Collected data
....
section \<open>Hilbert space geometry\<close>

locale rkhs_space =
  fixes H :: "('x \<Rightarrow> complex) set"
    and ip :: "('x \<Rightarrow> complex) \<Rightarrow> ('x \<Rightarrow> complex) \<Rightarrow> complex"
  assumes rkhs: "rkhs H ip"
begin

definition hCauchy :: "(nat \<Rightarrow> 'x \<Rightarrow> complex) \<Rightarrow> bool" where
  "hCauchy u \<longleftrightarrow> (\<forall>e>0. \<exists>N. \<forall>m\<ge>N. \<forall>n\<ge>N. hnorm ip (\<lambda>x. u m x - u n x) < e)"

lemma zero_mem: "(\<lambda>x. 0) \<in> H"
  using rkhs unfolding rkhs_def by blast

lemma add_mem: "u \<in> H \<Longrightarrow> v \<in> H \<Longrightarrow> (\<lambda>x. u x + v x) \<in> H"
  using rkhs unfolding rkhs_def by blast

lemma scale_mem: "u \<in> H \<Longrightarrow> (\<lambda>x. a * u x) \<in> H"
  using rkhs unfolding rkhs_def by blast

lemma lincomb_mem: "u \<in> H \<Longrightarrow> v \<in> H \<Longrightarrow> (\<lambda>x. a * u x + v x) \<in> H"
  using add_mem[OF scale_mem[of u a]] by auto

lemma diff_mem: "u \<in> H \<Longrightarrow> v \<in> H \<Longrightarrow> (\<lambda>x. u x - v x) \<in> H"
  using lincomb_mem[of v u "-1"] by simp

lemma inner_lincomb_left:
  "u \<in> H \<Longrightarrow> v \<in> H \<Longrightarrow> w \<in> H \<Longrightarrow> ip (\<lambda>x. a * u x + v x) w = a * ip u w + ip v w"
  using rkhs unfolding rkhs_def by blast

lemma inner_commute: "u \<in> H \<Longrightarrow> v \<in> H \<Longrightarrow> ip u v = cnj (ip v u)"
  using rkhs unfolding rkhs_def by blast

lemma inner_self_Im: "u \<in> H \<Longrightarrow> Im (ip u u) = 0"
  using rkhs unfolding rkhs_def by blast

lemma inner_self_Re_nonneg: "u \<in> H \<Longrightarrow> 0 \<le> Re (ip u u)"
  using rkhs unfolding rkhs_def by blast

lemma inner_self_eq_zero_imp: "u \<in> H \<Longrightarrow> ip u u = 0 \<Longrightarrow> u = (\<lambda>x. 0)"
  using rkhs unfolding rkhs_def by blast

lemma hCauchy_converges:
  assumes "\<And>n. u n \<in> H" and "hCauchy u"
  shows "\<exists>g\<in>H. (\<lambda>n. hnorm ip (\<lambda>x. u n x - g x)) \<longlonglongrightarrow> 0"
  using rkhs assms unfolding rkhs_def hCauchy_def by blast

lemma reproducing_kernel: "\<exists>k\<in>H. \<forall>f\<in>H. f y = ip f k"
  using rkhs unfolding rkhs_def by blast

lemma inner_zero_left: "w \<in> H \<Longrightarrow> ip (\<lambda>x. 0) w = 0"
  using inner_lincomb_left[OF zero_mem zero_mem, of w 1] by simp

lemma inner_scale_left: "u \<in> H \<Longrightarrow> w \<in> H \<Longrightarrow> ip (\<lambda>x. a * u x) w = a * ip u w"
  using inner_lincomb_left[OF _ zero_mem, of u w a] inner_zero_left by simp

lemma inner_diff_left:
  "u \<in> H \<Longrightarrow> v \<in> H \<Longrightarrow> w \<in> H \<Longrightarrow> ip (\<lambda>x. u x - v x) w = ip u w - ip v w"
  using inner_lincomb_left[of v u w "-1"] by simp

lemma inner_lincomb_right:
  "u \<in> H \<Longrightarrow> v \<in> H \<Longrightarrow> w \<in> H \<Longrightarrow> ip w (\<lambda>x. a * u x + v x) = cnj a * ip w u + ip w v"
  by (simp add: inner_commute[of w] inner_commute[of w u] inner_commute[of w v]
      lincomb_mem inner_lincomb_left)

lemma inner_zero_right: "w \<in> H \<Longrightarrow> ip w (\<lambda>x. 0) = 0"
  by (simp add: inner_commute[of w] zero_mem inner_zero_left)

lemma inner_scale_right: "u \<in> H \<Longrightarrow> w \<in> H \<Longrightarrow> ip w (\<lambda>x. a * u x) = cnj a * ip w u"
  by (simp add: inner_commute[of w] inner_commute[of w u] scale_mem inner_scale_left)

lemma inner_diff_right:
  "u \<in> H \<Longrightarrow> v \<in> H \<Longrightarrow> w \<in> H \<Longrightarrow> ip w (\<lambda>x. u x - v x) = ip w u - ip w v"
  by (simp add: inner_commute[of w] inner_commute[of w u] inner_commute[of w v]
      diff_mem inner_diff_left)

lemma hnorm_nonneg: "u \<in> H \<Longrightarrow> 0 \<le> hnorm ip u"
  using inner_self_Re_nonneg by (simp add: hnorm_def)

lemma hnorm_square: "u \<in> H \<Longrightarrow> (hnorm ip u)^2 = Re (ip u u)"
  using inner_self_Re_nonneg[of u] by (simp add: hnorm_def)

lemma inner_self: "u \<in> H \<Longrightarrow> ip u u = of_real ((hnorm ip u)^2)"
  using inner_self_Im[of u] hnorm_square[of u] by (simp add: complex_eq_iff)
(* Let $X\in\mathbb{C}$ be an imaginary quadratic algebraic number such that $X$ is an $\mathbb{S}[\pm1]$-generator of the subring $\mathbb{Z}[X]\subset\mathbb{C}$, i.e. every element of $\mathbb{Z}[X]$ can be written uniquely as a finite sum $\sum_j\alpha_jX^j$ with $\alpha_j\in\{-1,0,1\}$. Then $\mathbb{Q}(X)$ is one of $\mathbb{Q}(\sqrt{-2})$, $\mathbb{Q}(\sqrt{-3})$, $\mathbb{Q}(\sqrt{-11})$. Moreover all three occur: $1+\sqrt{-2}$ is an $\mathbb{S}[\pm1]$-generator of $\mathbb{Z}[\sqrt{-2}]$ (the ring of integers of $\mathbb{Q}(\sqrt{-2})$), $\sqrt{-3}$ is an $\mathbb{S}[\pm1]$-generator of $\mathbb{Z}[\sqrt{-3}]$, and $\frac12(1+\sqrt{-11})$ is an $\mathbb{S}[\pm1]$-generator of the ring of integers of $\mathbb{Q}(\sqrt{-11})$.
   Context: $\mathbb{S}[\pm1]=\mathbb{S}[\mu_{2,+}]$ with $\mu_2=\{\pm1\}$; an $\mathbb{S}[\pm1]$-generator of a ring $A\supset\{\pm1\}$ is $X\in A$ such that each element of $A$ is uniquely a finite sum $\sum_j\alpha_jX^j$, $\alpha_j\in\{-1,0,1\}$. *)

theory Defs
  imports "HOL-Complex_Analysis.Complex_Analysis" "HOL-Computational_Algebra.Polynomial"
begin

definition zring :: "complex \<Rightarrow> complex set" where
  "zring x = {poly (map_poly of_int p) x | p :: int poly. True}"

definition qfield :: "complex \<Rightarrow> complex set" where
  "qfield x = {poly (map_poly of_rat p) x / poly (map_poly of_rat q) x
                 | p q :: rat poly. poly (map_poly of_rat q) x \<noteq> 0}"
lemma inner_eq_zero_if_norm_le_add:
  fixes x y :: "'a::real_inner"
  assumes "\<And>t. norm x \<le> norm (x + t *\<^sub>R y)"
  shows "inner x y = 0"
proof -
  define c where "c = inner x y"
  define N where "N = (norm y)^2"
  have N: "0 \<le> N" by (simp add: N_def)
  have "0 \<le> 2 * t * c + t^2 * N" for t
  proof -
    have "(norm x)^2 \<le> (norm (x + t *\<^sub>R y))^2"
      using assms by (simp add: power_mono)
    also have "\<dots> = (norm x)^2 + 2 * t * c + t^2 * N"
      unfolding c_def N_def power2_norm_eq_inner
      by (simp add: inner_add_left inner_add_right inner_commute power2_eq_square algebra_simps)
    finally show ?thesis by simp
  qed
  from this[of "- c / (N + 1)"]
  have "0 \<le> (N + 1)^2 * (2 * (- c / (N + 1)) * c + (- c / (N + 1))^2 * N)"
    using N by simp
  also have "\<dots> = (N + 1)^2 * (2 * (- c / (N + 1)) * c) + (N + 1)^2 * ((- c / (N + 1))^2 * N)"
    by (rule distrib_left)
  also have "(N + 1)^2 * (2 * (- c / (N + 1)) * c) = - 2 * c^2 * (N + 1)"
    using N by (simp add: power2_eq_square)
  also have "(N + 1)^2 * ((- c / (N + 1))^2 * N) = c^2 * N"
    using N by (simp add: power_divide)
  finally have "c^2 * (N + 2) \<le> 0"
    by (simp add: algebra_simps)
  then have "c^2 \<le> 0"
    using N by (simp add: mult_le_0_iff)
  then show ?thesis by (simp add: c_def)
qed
....
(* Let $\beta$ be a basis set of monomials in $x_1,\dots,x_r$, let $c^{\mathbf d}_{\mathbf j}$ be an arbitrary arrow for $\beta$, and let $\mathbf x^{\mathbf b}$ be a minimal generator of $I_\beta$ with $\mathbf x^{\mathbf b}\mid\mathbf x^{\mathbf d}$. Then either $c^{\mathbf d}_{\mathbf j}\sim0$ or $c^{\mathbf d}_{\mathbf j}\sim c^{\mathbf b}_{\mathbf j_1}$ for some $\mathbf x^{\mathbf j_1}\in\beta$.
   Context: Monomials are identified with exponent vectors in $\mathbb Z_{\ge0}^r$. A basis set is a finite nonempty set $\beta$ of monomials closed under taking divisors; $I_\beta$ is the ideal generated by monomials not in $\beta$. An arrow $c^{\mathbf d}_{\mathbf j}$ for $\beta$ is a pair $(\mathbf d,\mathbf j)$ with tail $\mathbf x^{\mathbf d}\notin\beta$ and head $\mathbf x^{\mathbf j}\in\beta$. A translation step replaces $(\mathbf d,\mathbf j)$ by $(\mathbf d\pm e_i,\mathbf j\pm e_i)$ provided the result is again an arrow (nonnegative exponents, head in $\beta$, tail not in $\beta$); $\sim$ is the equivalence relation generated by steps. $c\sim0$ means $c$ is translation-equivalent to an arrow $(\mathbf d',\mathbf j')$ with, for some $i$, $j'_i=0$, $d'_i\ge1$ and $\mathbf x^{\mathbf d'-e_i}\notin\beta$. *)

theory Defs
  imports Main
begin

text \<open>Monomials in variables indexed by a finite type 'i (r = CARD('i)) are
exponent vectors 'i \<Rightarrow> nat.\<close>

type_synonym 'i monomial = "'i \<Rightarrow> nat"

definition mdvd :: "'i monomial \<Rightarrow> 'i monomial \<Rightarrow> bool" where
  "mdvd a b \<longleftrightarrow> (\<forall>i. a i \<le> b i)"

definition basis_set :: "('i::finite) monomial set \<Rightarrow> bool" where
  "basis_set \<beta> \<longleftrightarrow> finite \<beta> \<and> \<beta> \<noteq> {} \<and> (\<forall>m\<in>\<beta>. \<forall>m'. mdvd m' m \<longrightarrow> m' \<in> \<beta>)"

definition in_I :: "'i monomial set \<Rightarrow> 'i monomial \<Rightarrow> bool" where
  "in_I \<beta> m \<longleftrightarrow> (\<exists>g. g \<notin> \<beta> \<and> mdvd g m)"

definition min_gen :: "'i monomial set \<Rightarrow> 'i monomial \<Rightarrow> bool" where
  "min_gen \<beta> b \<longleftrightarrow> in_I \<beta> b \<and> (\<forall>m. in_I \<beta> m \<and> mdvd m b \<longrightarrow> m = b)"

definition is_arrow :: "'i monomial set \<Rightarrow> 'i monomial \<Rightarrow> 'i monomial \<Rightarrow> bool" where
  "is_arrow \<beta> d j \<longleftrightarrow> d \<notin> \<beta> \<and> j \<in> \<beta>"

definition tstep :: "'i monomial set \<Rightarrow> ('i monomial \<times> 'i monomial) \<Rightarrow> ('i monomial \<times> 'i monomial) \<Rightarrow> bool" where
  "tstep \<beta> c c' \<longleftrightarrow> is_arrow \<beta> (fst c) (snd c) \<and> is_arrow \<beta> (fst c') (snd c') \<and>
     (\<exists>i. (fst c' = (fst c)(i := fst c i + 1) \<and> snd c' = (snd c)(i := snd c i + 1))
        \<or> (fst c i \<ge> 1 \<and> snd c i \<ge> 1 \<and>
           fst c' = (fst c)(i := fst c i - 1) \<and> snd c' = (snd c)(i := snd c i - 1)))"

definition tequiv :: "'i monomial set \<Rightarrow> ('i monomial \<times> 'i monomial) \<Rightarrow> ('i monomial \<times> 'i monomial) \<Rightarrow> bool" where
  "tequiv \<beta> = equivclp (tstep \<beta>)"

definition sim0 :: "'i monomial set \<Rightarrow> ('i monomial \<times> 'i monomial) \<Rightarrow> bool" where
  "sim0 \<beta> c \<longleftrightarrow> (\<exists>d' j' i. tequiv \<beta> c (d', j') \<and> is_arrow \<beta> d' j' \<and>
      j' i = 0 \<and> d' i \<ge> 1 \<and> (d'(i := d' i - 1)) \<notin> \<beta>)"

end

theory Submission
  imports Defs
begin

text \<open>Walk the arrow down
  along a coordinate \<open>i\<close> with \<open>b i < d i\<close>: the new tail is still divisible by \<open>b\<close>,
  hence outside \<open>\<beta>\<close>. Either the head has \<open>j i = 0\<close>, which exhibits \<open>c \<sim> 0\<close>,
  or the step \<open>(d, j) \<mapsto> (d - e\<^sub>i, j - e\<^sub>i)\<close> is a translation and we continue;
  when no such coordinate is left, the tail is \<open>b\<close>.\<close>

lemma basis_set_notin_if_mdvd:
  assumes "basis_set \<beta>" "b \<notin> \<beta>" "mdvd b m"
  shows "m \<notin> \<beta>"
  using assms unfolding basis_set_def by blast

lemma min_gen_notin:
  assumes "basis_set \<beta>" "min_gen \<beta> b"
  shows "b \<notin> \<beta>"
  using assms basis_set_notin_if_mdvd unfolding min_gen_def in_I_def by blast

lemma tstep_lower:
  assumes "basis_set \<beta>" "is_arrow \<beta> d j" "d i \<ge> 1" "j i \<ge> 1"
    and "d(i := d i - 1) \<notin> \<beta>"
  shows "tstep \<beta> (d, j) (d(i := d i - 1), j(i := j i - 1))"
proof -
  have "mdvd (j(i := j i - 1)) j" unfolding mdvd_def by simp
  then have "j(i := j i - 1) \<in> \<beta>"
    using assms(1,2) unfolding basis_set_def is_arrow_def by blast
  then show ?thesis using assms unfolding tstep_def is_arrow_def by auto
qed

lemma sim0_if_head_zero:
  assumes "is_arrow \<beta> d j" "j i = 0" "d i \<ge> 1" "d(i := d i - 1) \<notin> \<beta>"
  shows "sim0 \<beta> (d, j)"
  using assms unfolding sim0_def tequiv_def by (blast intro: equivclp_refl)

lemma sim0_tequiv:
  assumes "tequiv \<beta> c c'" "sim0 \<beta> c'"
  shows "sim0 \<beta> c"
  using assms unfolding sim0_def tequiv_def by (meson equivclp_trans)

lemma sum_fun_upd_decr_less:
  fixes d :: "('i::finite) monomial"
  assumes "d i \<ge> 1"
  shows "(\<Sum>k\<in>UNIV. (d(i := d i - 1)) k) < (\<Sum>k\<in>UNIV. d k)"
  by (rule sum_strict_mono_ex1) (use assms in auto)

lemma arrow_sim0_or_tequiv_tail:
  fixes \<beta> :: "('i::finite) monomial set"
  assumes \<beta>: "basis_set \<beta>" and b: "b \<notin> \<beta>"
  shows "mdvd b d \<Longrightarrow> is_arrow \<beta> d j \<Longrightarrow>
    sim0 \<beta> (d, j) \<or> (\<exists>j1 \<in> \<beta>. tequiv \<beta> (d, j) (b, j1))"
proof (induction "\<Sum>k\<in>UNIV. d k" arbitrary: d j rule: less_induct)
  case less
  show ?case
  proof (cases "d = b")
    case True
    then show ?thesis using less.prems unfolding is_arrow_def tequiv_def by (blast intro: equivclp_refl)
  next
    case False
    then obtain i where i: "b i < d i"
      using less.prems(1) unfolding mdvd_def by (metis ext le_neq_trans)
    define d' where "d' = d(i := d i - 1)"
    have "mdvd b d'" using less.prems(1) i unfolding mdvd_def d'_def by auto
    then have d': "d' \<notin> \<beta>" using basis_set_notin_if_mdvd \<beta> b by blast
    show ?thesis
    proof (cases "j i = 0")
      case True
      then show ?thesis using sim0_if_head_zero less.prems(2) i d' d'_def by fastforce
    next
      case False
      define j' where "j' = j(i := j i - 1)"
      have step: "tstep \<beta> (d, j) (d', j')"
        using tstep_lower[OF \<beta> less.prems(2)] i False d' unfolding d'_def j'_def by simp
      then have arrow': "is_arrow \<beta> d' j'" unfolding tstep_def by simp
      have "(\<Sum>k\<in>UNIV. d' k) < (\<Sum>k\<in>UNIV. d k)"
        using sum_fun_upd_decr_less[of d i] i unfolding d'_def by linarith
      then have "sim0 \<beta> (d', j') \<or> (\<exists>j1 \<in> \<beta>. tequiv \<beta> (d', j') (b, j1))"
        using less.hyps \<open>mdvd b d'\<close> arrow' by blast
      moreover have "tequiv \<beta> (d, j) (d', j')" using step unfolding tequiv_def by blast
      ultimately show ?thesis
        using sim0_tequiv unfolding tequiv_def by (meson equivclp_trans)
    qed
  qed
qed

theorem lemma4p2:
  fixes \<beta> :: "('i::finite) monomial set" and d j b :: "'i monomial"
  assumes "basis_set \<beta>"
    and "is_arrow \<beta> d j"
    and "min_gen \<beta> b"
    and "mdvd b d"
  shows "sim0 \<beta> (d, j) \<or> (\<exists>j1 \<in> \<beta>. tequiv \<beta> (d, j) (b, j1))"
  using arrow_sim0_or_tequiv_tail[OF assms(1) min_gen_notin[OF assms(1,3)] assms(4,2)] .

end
....
Copy the entries above exactly, but only from the line holding "section \<open>Hilbert space geometry\<close>" through the line holding "u \<longleftrightarrow> (\<forall>e>0.", both included.

section \<open>Hilbert space geometry\<close>

locale rkhs_space =
  fixes H :: "('x \<Rightarrow> complex) set"
    and ip :: "('x \<Rightarrow> complex) \<Rightarrow> ('x \<Rightarrow> complex) \<Rightarrow> complex"
  assumes rkhs: "rkhs H ip"
begin

definition hCauchy :: "(nat \<Rightarrow> 'x \<Rightarrow> complex) \<Rightarrow> bool" where
  "hCauchy u \<longleftrightarrow> (\<forall>e>0. \<exists>N. \<forall>m\<ge>N. \<forall>n\<ge>N. hnorm ip (\<lambda>x. u m x - u n x) < e)"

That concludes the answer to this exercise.